## Task
Please copy out all lines of the entries that contain the word "blast".

[Dataset entries]
------------------------------------

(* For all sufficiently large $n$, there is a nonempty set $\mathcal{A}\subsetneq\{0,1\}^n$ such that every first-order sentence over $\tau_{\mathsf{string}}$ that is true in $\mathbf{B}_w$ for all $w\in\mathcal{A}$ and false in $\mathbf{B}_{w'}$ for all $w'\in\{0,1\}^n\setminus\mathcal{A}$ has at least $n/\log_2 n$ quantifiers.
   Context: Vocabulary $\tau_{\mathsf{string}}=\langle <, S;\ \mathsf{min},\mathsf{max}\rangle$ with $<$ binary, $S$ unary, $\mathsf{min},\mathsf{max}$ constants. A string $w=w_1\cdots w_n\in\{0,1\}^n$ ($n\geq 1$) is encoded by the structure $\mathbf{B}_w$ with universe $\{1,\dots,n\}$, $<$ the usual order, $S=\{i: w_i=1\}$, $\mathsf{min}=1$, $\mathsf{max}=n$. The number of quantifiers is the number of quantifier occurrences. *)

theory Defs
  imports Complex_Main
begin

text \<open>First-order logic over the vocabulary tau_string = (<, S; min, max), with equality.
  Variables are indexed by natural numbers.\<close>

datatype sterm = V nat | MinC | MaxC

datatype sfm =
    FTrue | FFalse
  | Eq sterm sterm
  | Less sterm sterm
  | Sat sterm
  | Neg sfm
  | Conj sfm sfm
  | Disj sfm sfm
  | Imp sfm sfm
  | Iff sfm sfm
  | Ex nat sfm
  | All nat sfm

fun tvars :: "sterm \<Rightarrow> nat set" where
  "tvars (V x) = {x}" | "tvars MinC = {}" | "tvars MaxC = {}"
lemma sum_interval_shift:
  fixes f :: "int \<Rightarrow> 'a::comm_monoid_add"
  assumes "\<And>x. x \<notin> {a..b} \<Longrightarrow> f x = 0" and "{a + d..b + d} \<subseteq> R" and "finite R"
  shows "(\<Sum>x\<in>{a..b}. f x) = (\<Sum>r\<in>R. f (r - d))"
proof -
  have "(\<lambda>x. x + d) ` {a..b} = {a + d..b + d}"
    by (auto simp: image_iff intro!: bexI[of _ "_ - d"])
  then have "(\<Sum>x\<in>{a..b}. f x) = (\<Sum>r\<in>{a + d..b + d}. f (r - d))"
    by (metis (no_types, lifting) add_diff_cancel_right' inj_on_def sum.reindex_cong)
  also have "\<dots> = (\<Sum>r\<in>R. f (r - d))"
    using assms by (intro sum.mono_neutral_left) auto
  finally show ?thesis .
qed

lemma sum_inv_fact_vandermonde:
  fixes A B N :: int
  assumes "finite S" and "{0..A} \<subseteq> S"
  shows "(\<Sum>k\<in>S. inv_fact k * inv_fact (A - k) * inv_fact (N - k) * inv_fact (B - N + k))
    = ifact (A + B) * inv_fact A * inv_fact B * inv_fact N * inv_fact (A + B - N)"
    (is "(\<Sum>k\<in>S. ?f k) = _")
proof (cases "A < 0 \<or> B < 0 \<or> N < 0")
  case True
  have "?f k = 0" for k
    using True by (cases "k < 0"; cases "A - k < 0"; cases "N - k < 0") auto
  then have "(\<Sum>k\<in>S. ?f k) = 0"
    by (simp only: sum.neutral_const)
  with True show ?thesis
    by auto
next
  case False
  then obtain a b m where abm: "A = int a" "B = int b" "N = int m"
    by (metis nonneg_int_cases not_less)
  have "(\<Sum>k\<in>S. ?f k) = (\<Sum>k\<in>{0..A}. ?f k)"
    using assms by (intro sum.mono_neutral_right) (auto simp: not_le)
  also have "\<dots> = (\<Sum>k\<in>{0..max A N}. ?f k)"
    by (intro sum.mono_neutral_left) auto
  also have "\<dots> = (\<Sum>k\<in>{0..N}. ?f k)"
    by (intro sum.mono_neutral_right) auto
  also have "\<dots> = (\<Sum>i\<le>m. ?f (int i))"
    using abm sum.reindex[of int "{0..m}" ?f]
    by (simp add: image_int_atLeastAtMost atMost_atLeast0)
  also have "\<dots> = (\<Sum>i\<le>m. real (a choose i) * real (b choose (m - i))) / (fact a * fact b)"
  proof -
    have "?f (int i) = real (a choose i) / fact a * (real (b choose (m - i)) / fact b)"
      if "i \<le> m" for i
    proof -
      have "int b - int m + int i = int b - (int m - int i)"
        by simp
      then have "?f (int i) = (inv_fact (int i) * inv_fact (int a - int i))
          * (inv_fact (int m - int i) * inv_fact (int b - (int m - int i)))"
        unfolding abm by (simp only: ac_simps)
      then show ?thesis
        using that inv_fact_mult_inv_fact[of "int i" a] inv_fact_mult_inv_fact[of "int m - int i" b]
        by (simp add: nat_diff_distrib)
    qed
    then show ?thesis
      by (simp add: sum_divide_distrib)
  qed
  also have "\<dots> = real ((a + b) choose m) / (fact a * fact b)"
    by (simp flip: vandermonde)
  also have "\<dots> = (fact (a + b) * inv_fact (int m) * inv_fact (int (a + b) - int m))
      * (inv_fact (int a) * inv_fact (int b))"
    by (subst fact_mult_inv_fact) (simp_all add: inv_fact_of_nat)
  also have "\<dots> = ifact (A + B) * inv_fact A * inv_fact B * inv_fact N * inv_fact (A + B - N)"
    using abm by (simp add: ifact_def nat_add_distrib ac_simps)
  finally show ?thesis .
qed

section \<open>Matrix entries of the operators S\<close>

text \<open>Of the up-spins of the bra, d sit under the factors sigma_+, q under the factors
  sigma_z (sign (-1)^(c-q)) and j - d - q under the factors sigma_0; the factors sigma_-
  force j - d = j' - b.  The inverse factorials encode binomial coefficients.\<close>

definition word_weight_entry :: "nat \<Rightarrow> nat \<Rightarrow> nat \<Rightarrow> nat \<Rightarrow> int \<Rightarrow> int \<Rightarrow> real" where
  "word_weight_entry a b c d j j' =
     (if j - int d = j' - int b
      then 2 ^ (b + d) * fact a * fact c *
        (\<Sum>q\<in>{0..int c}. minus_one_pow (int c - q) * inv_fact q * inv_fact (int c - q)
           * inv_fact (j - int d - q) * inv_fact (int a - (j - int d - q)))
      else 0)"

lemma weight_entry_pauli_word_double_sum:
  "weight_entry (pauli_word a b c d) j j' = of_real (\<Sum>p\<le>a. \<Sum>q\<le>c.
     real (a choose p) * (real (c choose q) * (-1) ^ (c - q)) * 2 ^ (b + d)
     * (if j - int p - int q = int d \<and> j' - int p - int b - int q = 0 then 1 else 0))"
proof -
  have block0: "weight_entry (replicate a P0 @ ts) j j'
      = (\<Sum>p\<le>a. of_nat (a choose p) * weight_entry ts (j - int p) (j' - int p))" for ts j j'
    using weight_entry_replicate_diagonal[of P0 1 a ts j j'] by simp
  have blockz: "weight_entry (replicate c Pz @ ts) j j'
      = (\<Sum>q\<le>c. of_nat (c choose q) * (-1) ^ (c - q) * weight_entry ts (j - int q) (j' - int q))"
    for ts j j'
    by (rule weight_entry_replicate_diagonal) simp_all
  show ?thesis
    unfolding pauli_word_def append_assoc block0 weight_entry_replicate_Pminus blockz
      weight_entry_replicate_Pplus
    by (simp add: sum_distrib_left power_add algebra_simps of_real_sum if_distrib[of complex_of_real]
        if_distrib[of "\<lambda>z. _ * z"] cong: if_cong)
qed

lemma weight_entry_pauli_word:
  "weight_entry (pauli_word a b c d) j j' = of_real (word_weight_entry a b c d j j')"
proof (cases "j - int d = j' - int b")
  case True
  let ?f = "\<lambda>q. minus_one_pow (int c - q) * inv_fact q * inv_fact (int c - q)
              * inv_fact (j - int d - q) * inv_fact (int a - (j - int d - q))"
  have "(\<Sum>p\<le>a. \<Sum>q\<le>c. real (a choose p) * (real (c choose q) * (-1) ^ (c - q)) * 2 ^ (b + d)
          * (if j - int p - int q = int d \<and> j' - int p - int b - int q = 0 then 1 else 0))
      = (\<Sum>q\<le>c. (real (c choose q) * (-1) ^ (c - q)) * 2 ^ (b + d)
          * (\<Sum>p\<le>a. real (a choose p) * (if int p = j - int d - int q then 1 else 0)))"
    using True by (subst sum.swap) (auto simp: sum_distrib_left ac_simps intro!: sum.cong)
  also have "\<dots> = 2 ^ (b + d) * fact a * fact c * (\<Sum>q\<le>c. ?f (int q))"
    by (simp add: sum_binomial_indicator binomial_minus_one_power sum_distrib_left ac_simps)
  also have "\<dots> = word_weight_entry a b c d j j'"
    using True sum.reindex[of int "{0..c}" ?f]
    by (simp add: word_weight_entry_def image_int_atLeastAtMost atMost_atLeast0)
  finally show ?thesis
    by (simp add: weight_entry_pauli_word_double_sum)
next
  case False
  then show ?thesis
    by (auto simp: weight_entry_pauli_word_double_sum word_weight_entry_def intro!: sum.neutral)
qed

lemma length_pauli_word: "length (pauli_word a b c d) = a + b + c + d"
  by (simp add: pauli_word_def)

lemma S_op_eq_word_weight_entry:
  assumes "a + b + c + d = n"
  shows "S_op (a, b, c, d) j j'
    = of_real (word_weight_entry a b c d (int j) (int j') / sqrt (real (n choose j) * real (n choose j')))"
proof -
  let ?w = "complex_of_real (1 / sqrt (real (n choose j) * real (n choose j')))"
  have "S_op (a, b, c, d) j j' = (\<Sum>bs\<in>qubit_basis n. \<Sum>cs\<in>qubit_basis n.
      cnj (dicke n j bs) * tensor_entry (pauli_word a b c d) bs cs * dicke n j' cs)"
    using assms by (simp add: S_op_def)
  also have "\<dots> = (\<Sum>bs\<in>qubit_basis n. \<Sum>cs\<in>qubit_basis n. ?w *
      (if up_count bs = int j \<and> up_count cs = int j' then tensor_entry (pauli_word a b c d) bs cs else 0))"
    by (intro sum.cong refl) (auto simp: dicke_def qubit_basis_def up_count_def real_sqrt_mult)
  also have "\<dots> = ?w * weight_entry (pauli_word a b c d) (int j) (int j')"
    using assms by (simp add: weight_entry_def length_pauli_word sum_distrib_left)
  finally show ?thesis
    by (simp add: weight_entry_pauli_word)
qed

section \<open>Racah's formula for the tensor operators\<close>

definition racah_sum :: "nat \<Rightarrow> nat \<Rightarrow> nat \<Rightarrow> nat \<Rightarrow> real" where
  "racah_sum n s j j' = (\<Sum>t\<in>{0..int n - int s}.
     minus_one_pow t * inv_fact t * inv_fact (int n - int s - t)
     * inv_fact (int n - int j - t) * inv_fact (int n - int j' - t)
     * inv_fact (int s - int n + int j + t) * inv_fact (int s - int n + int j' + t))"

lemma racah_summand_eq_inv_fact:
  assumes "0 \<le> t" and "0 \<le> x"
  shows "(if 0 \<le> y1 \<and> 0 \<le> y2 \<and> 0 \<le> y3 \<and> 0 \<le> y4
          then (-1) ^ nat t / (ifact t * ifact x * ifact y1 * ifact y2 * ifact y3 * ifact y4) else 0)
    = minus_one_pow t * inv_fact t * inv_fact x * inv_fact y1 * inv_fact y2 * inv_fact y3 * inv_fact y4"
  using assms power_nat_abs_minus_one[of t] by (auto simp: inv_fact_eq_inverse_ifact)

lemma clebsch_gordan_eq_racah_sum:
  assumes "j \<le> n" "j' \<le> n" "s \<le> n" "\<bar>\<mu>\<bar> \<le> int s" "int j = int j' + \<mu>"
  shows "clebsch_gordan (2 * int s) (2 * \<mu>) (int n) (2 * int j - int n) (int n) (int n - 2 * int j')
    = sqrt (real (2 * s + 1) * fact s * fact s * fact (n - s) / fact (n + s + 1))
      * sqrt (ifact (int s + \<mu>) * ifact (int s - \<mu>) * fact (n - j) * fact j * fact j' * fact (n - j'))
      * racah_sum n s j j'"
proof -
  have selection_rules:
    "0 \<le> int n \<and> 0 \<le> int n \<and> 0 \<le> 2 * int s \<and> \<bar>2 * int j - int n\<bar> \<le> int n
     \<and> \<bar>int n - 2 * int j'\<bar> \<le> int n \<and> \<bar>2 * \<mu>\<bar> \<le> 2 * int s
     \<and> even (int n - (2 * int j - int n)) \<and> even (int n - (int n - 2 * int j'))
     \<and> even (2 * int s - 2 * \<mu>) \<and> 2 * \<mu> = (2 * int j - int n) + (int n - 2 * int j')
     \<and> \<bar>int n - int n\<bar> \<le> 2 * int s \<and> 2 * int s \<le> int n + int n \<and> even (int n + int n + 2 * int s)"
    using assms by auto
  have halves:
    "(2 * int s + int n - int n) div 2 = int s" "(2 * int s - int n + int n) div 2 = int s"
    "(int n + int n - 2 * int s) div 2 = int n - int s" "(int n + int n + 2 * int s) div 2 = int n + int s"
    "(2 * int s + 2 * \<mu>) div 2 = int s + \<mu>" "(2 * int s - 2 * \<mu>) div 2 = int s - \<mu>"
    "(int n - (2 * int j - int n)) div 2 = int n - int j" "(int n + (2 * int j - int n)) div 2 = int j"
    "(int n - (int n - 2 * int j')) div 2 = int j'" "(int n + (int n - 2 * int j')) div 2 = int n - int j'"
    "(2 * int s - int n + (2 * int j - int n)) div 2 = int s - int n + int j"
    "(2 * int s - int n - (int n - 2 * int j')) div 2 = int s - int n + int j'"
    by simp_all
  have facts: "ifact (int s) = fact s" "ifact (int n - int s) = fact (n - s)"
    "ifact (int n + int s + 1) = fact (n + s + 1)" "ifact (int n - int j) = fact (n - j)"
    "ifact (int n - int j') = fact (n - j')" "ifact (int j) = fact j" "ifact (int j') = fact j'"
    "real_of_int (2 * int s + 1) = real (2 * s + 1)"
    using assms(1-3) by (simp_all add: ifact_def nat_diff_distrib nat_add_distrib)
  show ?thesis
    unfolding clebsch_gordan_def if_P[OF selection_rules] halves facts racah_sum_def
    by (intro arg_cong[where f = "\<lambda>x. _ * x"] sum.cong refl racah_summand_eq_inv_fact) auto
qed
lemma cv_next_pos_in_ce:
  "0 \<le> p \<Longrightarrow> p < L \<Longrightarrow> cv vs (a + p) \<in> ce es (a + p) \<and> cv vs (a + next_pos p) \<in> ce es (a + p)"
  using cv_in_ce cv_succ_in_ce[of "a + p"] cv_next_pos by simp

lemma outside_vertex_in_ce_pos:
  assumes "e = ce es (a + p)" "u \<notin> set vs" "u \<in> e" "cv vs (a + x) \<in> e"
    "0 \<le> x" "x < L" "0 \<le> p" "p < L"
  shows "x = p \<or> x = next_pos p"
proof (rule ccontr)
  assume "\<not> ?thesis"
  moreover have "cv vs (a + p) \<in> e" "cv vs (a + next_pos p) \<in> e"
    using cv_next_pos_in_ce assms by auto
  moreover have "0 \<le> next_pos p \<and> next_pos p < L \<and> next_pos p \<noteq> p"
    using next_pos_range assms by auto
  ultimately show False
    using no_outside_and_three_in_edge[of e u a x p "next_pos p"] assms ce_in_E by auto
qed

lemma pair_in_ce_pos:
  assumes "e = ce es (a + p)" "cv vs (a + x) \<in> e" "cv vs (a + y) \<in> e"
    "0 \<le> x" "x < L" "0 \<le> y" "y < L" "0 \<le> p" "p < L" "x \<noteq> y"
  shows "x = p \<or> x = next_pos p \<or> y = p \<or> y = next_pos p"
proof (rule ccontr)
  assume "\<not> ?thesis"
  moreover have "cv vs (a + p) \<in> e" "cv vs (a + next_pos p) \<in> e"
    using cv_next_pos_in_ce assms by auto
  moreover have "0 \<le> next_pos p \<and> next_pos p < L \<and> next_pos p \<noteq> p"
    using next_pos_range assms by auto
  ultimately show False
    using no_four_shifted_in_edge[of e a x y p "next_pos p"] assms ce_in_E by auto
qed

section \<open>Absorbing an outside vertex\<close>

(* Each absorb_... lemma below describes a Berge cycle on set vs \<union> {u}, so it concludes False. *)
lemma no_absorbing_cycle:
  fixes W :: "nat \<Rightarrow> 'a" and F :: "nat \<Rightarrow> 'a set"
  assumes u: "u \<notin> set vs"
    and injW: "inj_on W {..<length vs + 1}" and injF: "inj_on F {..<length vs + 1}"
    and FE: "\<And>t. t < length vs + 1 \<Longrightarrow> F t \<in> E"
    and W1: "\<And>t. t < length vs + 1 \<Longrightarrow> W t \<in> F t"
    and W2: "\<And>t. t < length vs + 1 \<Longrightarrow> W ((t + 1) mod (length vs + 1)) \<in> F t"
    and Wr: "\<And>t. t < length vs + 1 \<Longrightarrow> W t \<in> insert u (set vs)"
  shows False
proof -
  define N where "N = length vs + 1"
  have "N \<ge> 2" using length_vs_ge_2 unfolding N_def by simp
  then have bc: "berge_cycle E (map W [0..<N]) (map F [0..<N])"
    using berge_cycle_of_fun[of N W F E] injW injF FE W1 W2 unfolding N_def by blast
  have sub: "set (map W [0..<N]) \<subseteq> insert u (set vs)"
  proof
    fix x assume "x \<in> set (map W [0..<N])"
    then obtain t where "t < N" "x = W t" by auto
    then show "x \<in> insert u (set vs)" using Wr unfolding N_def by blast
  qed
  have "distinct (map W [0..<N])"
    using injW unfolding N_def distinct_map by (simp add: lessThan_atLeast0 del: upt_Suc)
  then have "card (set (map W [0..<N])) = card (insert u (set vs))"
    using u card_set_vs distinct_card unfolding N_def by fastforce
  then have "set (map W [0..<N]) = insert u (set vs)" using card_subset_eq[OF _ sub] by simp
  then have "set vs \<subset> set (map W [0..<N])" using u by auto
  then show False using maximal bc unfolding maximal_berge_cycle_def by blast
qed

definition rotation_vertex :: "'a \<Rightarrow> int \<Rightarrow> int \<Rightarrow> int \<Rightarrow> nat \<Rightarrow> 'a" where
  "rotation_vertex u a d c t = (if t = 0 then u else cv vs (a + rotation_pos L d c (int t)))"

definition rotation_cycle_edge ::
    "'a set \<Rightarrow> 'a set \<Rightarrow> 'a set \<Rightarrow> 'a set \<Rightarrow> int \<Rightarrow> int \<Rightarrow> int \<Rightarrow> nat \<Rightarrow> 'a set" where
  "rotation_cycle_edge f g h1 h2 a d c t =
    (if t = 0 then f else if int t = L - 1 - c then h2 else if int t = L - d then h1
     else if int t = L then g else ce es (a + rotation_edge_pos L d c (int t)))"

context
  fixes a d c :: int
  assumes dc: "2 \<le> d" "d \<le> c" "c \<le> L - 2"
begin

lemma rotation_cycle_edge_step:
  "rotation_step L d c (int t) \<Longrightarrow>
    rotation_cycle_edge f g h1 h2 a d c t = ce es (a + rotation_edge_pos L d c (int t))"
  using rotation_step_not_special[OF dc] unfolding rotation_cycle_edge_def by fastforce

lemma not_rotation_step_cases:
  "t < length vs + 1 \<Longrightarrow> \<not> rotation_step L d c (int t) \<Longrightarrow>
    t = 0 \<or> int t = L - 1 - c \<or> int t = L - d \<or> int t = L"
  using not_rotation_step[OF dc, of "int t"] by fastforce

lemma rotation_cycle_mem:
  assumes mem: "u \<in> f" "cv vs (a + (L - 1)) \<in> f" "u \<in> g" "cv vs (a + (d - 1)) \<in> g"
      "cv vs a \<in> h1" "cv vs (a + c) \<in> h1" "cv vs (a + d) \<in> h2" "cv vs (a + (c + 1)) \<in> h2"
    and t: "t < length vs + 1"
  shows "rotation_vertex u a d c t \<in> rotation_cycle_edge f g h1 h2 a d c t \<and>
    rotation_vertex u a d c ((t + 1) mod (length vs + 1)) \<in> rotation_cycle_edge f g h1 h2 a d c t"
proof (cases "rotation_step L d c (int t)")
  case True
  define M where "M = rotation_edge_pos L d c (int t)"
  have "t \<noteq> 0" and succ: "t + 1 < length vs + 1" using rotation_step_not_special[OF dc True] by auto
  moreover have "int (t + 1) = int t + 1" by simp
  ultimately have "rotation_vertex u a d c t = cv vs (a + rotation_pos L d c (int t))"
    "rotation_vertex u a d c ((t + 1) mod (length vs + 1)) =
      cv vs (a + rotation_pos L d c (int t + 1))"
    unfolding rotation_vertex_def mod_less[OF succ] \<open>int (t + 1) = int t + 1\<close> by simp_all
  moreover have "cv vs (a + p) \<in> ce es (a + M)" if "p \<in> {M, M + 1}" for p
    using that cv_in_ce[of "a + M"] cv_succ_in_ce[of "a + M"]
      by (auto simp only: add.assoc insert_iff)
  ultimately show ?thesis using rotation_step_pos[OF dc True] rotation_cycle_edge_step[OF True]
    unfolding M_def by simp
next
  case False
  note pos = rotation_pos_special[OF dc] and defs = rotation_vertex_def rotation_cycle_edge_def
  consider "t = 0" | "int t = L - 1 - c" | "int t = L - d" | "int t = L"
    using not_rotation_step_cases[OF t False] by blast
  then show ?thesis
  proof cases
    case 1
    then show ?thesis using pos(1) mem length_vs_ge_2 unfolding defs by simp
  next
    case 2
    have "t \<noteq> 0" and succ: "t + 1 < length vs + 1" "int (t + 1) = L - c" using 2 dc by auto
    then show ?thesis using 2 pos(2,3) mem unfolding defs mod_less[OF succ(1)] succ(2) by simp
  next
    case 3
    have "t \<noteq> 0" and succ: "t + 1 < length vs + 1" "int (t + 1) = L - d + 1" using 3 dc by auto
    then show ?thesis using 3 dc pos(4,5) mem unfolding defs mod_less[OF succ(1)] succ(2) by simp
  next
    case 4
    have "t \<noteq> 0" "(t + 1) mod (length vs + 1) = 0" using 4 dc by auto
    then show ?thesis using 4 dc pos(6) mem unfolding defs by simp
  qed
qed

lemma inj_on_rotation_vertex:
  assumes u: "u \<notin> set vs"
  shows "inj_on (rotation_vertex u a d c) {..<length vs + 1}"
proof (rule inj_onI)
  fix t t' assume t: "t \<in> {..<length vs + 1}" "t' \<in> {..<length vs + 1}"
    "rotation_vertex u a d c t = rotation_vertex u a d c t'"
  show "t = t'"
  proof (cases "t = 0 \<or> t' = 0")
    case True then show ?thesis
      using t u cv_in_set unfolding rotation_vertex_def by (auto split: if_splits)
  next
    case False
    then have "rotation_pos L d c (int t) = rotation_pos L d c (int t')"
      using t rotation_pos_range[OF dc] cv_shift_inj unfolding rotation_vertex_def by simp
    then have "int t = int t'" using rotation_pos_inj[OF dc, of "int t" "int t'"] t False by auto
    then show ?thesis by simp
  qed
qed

------------------------------------

## Response to this task
    using berge_cycle_of_fun[of N W F E] injW injF FE W1 W2 unfolding N_def by blast
    then show "x \<in> insert u (set vs)" using Wr unfolding N_def by blast
  then show False using maximal bc unfolding maximal_berge_cycle_def by blast
    using not_rotation_step_cases[OF t False] by blast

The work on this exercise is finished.